DIRECTIONS:
Check the records below for the word "real" and state how many lines contain it, replying with the number only.

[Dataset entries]
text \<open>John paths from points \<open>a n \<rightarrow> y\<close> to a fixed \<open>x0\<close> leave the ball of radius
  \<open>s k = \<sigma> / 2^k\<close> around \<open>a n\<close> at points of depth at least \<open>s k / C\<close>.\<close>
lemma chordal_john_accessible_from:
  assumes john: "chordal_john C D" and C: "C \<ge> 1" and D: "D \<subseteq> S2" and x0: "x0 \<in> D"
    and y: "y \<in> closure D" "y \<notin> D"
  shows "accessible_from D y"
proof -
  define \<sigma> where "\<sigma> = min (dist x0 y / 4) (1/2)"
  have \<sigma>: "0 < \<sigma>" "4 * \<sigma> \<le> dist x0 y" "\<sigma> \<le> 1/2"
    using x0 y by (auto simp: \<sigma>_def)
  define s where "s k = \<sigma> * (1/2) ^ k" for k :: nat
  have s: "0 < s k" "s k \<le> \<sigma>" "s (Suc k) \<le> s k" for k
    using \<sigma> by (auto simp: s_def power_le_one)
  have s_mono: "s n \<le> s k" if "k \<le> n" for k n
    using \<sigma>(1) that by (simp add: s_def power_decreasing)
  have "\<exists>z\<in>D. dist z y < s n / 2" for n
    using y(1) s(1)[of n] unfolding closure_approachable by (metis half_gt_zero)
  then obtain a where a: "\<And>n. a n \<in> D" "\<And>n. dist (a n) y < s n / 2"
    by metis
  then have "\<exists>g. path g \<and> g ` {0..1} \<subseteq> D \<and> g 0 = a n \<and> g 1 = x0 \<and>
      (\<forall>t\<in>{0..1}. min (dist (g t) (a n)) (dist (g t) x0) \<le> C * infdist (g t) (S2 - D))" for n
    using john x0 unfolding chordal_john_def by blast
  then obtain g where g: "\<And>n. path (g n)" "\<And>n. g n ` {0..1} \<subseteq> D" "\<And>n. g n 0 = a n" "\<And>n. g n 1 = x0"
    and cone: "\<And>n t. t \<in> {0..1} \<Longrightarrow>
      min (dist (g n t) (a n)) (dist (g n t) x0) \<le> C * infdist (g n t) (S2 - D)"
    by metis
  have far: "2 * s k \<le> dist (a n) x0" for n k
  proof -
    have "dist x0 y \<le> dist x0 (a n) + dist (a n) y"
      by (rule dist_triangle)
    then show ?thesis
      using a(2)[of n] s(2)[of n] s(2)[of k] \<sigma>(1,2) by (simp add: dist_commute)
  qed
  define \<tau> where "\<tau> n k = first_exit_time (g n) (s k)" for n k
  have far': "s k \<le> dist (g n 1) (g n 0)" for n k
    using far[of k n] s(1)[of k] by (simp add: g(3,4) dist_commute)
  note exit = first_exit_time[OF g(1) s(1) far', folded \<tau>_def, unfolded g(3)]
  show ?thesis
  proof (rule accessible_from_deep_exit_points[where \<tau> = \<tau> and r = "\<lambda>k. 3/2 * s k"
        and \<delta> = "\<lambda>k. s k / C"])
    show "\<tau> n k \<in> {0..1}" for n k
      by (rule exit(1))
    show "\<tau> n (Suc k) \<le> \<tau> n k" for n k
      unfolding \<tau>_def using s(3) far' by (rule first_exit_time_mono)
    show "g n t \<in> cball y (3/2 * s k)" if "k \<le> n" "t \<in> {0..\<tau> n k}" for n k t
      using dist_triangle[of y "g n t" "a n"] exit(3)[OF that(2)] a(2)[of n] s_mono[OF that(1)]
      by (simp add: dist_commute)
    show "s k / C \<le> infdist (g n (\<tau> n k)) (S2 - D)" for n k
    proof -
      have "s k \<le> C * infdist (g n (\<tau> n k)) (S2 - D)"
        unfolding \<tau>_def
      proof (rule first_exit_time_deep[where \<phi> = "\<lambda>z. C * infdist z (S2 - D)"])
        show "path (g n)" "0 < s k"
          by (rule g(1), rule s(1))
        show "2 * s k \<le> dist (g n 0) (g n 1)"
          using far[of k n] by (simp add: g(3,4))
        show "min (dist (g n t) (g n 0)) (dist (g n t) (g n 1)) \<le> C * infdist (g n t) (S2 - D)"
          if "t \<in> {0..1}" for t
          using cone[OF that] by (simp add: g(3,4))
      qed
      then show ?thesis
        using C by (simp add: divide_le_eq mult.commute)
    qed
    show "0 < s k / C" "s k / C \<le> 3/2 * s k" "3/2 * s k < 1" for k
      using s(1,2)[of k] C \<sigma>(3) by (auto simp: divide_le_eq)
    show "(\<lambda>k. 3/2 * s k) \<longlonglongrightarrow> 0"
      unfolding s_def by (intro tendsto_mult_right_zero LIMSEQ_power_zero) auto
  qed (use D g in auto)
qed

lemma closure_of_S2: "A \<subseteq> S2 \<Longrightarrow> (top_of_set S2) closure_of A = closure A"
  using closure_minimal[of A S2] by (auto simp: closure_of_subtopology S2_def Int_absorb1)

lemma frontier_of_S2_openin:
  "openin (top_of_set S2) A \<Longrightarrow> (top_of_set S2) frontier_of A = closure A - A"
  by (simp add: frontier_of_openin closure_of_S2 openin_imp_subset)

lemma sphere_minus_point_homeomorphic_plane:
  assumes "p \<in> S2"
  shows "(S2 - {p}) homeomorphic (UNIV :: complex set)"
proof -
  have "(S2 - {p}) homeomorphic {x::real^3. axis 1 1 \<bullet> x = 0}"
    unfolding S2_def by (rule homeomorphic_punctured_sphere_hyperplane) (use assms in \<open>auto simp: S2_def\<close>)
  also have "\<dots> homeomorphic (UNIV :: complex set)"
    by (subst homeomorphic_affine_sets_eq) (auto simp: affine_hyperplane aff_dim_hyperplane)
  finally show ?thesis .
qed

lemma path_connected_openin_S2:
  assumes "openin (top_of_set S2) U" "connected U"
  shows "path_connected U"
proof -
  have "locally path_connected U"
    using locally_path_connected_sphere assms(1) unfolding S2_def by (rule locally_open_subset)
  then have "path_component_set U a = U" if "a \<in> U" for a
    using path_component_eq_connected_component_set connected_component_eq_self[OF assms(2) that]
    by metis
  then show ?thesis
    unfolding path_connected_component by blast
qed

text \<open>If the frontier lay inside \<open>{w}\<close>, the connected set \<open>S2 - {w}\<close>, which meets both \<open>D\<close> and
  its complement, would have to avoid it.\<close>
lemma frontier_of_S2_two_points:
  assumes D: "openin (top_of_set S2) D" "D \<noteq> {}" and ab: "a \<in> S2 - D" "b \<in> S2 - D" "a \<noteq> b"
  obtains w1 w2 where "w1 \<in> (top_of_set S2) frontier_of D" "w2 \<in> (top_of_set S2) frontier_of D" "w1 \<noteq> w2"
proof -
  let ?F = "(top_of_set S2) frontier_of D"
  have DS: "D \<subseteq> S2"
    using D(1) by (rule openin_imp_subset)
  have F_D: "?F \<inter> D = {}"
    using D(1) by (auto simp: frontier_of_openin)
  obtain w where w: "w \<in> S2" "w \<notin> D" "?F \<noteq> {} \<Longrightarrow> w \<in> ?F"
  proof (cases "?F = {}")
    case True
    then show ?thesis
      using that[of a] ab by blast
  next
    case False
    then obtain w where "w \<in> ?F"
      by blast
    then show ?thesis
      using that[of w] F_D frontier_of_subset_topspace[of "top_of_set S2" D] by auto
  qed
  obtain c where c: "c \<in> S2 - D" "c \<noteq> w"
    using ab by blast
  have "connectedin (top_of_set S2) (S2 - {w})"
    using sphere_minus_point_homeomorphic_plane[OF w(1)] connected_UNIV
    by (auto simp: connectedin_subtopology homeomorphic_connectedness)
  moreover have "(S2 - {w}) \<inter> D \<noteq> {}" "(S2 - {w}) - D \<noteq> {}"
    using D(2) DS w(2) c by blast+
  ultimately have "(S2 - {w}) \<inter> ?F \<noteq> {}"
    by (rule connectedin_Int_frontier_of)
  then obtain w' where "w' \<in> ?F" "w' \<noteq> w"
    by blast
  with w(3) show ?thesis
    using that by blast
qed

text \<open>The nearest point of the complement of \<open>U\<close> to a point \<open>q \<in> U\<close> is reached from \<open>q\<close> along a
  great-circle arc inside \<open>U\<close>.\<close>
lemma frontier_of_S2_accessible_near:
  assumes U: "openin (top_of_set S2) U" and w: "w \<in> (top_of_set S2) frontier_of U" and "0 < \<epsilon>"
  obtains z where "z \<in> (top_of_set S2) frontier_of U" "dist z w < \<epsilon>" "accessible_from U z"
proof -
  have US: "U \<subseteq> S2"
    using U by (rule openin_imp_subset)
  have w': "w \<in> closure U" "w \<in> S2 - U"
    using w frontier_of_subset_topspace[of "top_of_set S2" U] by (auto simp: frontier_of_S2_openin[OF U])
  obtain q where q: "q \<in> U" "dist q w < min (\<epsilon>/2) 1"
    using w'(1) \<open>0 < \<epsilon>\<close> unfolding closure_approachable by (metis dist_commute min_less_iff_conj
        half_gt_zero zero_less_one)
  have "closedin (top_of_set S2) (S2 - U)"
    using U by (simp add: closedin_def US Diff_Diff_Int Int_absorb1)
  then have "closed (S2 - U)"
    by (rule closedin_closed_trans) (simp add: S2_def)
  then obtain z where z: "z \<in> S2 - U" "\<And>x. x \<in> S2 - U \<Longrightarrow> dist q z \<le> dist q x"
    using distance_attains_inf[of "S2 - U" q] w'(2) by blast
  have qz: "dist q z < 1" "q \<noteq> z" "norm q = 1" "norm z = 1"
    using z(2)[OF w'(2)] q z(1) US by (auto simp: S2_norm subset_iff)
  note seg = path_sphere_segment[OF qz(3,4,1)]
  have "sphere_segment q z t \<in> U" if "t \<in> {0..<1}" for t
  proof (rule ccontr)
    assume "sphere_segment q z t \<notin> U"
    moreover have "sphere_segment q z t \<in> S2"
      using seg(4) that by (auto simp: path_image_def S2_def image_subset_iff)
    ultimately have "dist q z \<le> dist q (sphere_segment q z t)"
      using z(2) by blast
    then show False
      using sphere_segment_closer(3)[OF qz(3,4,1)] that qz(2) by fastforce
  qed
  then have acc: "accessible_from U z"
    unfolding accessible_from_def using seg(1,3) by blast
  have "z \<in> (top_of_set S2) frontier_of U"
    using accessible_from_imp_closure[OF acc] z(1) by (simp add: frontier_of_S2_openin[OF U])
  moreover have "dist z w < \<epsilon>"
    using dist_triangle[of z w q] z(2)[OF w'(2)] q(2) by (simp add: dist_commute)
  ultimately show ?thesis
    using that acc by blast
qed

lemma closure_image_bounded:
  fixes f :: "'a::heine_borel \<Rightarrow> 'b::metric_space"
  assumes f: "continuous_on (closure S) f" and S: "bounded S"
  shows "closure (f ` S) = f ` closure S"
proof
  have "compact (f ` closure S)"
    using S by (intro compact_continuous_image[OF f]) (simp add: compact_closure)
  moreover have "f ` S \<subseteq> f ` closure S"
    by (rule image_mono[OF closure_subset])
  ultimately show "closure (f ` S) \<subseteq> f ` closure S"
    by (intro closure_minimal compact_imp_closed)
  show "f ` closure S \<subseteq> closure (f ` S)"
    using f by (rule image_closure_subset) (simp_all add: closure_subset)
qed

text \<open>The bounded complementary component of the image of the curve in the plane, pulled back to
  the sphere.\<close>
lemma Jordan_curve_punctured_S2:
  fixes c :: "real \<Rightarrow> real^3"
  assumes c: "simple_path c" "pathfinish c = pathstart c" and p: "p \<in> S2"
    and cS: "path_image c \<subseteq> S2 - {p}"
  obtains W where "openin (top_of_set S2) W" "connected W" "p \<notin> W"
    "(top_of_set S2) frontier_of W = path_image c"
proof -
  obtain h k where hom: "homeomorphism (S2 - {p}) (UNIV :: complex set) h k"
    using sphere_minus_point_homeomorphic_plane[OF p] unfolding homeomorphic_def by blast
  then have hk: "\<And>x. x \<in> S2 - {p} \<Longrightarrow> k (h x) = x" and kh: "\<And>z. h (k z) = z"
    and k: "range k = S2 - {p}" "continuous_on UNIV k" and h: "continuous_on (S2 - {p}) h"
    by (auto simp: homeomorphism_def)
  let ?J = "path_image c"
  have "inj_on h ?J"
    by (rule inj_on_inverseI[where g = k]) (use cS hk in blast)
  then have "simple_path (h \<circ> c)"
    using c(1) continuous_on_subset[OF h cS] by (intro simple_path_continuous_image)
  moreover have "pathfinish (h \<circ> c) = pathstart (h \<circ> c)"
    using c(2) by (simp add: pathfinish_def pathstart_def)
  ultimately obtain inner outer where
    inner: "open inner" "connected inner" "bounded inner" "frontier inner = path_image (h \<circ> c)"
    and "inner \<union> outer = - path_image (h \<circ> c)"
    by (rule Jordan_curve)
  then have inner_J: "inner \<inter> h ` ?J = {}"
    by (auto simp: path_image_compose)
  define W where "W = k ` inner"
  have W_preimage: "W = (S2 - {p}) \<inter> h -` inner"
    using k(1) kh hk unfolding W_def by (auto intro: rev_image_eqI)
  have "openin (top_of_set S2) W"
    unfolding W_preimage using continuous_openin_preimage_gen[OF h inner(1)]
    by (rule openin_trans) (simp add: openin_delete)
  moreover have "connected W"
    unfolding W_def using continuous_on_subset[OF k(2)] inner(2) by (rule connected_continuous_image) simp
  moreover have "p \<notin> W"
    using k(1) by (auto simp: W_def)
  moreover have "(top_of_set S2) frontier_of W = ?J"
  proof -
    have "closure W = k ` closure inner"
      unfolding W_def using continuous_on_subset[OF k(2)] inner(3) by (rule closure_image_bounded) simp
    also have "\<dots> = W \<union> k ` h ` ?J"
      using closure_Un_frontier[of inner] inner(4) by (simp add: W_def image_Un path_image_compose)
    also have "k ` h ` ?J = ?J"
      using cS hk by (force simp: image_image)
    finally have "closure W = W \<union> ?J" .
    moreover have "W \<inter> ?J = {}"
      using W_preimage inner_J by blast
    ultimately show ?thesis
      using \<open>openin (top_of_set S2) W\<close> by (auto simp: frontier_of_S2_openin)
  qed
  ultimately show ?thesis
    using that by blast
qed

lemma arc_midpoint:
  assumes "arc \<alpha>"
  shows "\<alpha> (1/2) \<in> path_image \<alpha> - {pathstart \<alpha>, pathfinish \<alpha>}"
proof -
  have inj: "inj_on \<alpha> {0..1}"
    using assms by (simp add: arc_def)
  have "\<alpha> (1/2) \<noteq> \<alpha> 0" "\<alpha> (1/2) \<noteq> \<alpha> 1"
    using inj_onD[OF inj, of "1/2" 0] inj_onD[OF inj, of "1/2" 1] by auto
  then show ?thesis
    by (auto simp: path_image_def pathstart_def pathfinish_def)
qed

YOUR SOLUTION:
2